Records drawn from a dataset

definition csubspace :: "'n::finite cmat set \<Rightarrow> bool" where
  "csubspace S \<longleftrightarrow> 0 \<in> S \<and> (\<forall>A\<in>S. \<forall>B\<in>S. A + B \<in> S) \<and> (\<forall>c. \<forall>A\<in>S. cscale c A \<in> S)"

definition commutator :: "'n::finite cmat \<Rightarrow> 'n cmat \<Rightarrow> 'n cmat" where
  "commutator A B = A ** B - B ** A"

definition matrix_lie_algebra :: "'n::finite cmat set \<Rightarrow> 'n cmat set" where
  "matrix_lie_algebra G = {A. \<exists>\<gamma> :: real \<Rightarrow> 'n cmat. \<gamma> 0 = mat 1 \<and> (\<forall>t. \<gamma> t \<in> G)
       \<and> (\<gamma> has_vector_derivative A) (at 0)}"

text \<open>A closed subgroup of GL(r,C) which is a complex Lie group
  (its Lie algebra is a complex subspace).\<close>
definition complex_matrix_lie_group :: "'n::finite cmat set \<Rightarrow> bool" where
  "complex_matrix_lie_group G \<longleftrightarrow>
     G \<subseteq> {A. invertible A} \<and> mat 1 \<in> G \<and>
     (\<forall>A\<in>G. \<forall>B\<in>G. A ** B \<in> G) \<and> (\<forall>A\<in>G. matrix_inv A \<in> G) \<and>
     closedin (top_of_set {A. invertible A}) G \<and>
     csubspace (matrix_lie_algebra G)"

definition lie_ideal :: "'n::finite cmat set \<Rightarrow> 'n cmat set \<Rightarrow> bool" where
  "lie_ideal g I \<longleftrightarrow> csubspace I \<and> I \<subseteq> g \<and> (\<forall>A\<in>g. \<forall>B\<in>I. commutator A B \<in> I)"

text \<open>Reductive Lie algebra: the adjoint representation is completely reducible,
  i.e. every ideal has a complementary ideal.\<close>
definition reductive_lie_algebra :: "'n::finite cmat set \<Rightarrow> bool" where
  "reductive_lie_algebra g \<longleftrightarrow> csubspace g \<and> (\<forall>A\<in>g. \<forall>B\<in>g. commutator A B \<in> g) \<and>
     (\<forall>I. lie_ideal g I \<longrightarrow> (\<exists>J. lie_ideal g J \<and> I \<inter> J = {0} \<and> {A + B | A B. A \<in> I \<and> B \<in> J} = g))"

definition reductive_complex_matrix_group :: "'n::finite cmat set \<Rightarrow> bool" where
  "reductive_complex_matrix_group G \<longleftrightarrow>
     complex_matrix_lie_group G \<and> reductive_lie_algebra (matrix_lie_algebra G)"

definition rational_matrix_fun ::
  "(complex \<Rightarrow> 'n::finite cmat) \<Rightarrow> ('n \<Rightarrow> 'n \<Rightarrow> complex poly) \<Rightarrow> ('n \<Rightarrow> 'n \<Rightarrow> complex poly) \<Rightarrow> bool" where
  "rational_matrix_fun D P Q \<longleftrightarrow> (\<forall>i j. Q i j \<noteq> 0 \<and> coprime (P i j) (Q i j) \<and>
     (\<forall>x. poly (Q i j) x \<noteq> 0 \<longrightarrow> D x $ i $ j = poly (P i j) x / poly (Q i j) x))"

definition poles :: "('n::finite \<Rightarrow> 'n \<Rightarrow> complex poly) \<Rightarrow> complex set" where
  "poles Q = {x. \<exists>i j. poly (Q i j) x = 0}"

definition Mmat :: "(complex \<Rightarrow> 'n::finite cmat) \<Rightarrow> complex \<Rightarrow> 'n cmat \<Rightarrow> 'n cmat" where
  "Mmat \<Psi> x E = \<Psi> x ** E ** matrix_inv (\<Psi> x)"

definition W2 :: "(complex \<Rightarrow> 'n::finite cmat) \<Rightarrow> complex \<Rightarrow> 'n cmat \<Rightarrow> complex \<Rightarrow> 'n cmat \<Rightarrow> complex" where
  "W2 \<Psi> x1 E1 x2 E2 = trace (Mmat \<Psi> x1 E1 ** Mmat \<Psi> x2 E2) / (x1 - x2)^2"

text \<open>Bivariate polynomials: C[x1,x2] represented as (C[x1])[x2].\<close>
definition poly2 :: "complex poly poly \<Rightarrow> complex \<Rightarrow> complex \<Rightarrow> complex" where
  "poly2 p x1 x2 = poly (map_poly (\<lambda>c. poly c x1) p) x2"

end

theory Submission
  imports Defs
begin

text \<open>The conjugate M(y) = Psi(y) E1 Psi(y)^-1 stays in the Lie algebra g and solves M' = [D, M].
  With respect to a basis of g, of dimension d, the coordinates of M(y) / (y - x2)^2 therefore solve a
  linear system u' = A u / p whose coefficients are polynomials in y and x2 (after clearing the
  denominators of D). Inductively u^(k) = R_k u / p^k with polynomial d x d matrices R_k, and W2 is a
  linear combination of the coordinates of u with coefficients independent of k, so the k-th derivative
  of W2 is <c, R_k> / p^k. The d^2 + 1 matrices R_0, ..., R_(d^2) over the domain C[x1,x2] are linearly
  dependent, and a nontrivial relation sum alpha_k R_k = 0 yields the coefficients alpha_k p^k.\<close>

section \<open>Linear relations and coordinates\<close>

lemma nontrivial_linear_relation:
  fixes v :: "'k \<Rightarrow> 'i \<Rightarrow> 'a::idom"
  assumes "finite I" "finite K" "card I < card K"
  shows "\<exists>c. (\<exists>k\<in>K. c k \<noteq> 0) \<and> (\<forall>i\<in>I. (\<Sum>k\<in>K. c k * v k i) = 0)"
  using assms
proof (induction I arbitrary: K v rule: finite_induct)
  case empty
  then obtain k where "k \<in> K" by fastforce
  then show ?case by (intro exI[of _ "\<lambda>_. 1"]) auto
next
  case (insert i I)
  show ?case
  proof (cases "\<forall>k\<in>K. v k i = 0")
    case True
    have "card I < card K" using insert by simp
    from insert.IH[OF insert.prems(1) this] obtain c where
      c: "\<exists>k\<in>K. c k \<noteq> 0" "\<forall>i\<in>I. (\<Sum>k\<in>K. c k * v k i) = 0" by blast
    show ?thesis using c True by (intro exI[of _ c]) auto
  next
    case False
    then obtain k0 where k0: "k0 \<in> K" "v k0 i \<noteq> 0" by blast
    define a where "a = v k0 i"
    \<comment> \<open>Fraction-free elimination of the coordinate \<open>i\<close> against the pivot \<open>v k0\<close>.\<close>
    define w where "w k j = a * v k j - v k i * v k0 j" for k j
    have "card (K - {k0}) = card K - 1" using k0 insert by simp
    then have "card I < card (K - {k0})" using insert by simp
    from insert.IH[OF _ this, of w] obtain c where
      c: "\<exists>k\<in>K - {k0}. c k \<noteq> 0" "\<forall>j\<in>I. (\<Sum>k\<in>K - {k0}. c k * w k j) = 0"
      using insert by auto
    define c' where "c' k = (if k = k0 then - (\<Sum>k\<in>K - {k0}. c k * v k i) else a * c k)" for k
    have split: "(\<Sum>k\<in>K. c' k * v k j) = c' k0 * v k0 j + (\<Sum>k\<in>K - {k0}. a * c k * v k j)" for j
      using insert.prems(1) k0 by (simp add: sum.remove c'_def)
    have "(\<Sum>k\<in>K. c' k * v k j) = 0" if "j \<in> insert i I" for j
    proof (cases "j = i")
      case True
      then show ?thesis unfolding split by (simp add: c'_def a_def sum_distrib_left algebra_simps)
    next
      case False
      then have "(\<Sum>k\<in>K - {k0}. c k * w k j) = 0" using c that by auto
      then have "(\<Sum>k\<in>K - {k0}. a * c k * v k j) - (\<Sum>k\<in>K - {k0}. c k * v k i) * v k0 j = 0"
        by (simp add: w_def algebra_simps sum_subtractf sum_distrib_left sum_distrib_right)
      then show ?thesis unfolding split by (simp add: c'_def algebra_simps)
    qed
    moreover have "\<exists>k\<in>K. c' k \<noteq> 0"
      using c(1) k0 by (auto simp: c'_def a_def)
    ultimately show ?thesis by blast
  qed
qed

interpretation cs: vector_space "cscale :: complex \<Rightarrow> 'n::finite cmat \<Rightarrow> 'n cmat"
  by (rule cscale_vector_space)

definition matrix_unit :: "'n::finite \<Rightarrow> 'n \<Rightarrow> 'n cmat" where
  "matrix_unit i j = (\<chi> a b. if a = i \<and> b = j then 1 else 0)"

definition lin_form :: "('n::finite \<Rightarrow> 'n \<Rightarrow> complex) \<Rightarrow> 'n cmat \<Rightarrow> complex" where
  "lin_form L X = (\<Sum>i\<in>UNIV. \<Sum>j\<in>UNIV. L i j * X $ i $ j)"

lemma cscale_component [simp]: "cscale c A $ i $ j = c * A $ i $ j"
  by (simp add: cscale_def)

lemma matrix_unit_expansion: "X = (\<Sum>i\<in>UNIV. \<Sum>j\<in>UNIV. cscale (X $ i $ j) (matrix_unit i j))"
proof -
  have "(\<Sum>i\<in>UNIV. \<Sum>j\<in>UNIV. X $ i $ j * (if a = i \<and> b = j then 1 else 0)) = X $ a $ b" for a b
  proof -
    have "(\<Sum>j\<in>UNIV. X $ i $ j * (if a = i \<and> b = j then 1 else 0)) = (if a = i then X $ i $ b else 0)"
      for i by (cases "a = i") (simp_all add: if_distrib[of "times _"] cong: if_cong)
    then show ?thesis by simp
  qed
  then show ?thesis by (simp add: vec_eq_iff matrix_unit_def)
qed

__PROMPT__
If a line in the records has the word "lambda", copy that line.

__ANSWER BELOW__
  "poly2 p x1 x2 = poly (map_poly (\<lambda>c. poly c x1) p) x2"
  then show ?case by (intro exI[of _ "\<lambda>_. 1"]) auto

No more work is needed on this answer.